Varying the probability distributions in the Gibbs inequality can yield quite surprising result. For instance, let $n$ be a positive integer, and $0 \le p \le 1$ a real number such that $n\cdot p$ is an integer. Then

$$

\begin{equation*}

\binom{n}{n p} \le 2^{n\cdot h(p)}

\end{equation*}

$$

where $h(p) = - p\cdot \log - (1-p)\cdot \log (1-p)$. The function $h$ represents the entropy of a coin with bias $p$. The intuition behind this inequality is the following: to identify a subset of $np$ elements in a set of $n$ elements $\{1,2,\dots,n\}$, you need at least $\log \binom{n}{np}$ bits.
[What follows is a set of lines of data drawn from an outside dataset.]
lemma sigma_hat_attains:
  assumes "1 \<le> \<beta>" "0 < \<sigma>" "\<sigma> < sqrt (1/2)"
  shows "\<exists>t>0. sigma_hat t \<beta> = \<sigma>"
proof -
  have "sqrt (1/2) < (1::real)" by simp
  then have "\<sigma> < 1" using assms(3) by linarith
  then have snell0: "snell \<beta> (pf 0) (qf 0) \<sigma> < 1"
    using less_sigma_hat_iff[OF assms(1) order_refl assms(2)] sigma_hat_0[OF assms(1)] assms(3) by simp
  define m where "m = min (\<sigma> / sqrt (1 - \<sigma>\<^sup>2)) (\<sigma> / sqrt (\<beta>\<^sup>2 - \<sigma>\<^sup>2))"
  have "0 < m"
    using square_less_square_of_less_one[of \<sigma> \<beta>] assms \<open>\<sigma> < 1\<close> unfolding m_def by simp
  define T where "T = 1 / m"
  have "0 \<le> T" unfolding T_def using \<open>0 < m\<close> by simp
  have "1 \<le> (T + 1) * m" unfolding T_def using \<open>0 < m\<close> by (simp add: field_simps)
  also have "\<dots> = pf T * m + qf T * m" by (simp add: pf_plus_qf flip: distrib_right)
  also have "\<dots> \<le> snell \<beta> (pf T) (qf T) \<sigma>"
    unfolding snell_eq m_def using qf_pf_nonneg[OF \<open>0 \<le> T\<close>]
    by (intro add_mono mult_left_mono) auto
  finally have "1 \<le> snell \<beta> (pf T) (qf T) \<sigma>" .
  then obtain t where t: "0 \<le> t" "t \<le> T" "snell \<beta> (pf t) (qf t) \<sigma> = 1"
    using IVT'[of "\<lambda>t. snell \<beta> (pf t) (qf t) \<sigma>" 0 1 T] snell0 \<open>0 \<le> T\<close>
      continuous_on_subset[OF continuous_on_snell_pf_qf] by force
  then have "0 < t" using snell0 by (cases "t = 0") auto
  then show ?thesis using sigma_hat_eqI[OF assms(1) t(1) assms(2) \<open>\<sigma> < 1\<close> t(3)] by blast
qed

definition path_len :: "real \<Rightarrow> real \<Rightarrow> real \<Rightarrow> real \<Rightarrow> real" where
  "path_len \<beta> P Q \<sigma> = P / sqrt (1 - \<sigma>\<^sup>2) + \<beta>\<^sup>2 * Q / sqrt (\<beta>\<^sup>2 - \<sigma>\<^sup>2)"

definition dual_len :: "real \<Rightarrow> real \<Rightarrow> real \<Rightarrow> real \<Rightarrow> real" where
  "dual_len \<beta> P Q \<sigma> = P * sqrt (1 - \<sigma>\<^sup>2) + Q * sqrt (\<beta>\<^sup>2 - \<sigma>\<^sup>2) + \<sigma>"

lemma len_eq_path_len: "len t \<beta> = path_len \<beta> (pf t) (qf t) (sigma_hat t \<beta>) - t - sqrt 2"
  unfolding len_def path_len_def ..

lemma dual_len_expand:
  assumes "snell \<beta> P Q s = 1"
  shows "dual_len \<beta> P Q \<sigma> = P * (sqrt (1 - \<sigma>\<^sup>2) + \<sigma> * (s / sqrt (1 - s\<^sup>2)))
      + Q * (sqrt (\<beta>\<^sup>2 - \<sigma>\<^sup>2) + \<sigma> * (s / sqrt (\<beta>\<^sup>2 - s\<^sup>2)))"
proof -
  have "\<sigma> = \<sigma> * snell \<beta> P Q s" using assms by simp
  then show ?thesis unfolding dual_len_def snell_eq by (simp add: algebra_simps)
qed

lemma dual_len_le_path_len:
  assumes "1 \<le> \<beta>" "0 \<le> P" "0 \<le> Q" "0 \<le> s" "s < 1" "snell \<beta> P Q s = 1" "\<sigma>\<^sup>2 \<le> 1"
  shows "dual_len \<beta> P Q \<sigma> \<le> path_len \<beta> P Q s"
proof -
  note s = square_less_square_of_less_one[OF assms(4,5,1)]
  have "1 \<le> \<beta>\<^sup>2" using assms(1) by simp
  then have "\<sigma>\<^sup>2 \<le> \<beta>\<^sup>2" using assms(7) by linarith
  then have "P * (sqrt (1 - \<sigma>\<^sup>2) + \<sigma> * (s / sqrt (1 - s\<^sup>2))) \<le> P * (1 / sqrt (1 - s\<^sup>2))"
      "Q * (sqrt (\<beta>\<^sup>2 - \<sigma>\<^sup>2) + \<sigma> * (s / sqrt (\<beta>\<^sup>2 - s\<^sup>2))) \<le> Q * (\<beta>\<^sup>2 / sqrt (\<beta>\<^sup>2 - s\<^sup>2))"
    using sqrt_diff_add_ratio_le s assms(2,3,7) by (intro mult_left_mono; simp)+
  then show ?thesis unfolding dual_len_expand[OF assms(6)] path_len_def by (simp add: mult.commute)
qed

lemma dual_len_eq_path_len:
  assumes "1 \<le> \<beta>" "0 \<le> s" "s < 1" "snell \<beta> P Q s = 1"
  shows "dual_len \<beta> P Q s = path_len \<beta> P Q s"
  unfolding dual_len_expand[OF assms(4)] path_len_def
  using sqrt_diff_add_ratio_eq square_less_square_of_less_one[OF assms(2,3,1)]
  by (simp add: mult.commute)

lemma len_has_real_derivative_affine:
  assumes "1 \<le> \<beta>" "open J" "J \<subseteq> {0<..}" "t \<in> J"
    and affine: "\<And>u. u \<in> J \<Longrightarrow> pf u = pf t + c1 * (u - t) \<and> qf u = qf t + c2 * (u - t)"
  shows "((\<lambda>u. len u \<beta>) has_real_derivative
     c1 * sqrt (1 - (sigma_hat t \<beta>)\<^sup>2) + c2 * sqrt (\<beta>\<^sup>2 - (sigma_hat t \<beta>)\<^sup>2) - 1) (at t)"
proof -
  define M where "M u = path_len \<beta> (pf u) (qf u) (sigma_hat u \<beta>)" for u
  define g where "g u = c1 * sqrt (1 - (sigma_hat u \<beta>)\<^sup>2) + c2 * sqrt (\<beta>\<^sup>2 - (sigma_hat u \<beta>)\<^sup>2)" for u
  have dual_len_affine: "dual_len \<beta> (pf u) (qf u) (sigma_hat v \<beta>)
      = dual_len \<beta> (pf t) (qf t) (sigma_hat v \<beta>) + (u - t) * g v" if "u \<in> J" for u v
  proof -
    have "pf u = pf t + c1 * (u - t)" "qf u = qf t + c2 * (u - t)" using affine[OF that] by auto
    then show ?thesis unfolding dual_len_def g_def by (simp only:) (simp add: algebra_simps)
  qed
  have M_ge: "dual_len \<beta> (pf u) (qf u) (sigma_hat v \<beta>) \<le> M u"
    and M_eq: "M u = dual_len \<beta> (pf u) (qf u) (sigma_hat u \<beta>)" if "u \<in> J" "v \<in> J" for u v
  proof -
    have "0 \<le> u" "0 \<le> v" using that assms(3) by auto
    note S = sigma_hat[OF assms(1) \<open>0 \<le> u\<close>] and V = sigma_hat[OF assms(1) \<open>0 \<le> v\<close>]
    have "(sigma_hat v \<beta>)\<^sup>2 \<le> 1"
      using square_less_square_of_less_one[of "sigma_hat v \<beta>" \<beta>] V assms(1) by simp
    then show "dual_len \<beta> (pf u) (qf u) (sigma_hat v \<beta>) \<le> M u"
      unfolding M_def using dual_len_le_path_len[OF assms(1)] S qf_pf_nonneg[OF \<open>0 \<le> u\<close>] by simp
    show "M u = dual_len \<beta> (pf u) (qf u) (sigma_hat u \<beta>)"
      unfolding M_def using dual_len_eq_path_len[OF assms(1)] S by simp
  qed
  have "isCont g t"
    unfolding g_def using isCont_sigma_hat[OF assms(1)] assms(3,4)
    by (intro continuous_intros) auto
  \<comment> \<open>M is a pointwise maximum of the affine functions u \<mapsto> dual_len at a fixed \<open>\<sigma>\<close>;
    evaluating at the maximizers \<open>\<sigma>\<close>-hat t and \<open>\<sigma>\<close>-hat u brackets the difference quotient.\<close>
  moreover have "(u - t) * g t \<le> M u - M t \<and> M u - M t \<le> (u - t) * g u" if "u \<in> J" for u
    using M_ge[OF that assms(4)] M_ge[OF assms(4) that] M_eq[OF that that] M_eq[OF assms(4,4)]
      dual_len_affine[OF that, of t] dual_len_affine[OF that, of u] by simp
  ultimately have "(M has_real_derivative g t) (at t)"
    by (rule DERIV_sandwich[OF assms(2,4)])
  moreover have "(\<lambda>u. len u \<beta>) = (\<lambda>u. M u - u - sqrt 2)"
    by (simp add: len_eq_path_len M_def)
  ultimately show ?thesis
    unfolding g_def by (auto intro!: derivative_eq_intros)
qed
Now, there is an approximate procedure to identify such a subset: for each element $i = 1,2,\dots,n$, you toss the bias coin, and add the element $i$ to your subset iff the coin turns, e.g., head. With such a procedure, on average, you identify a subset of size $np$, and you could associate with this subset the corresponding sequence of coin tosses as an identifier. By Shannon's source coding theorem, you can store such sequences of coin tosses using about $n\cdot h(p)$ bits. The inequality states that the latter procedure uses (slightly) more bits than necessary.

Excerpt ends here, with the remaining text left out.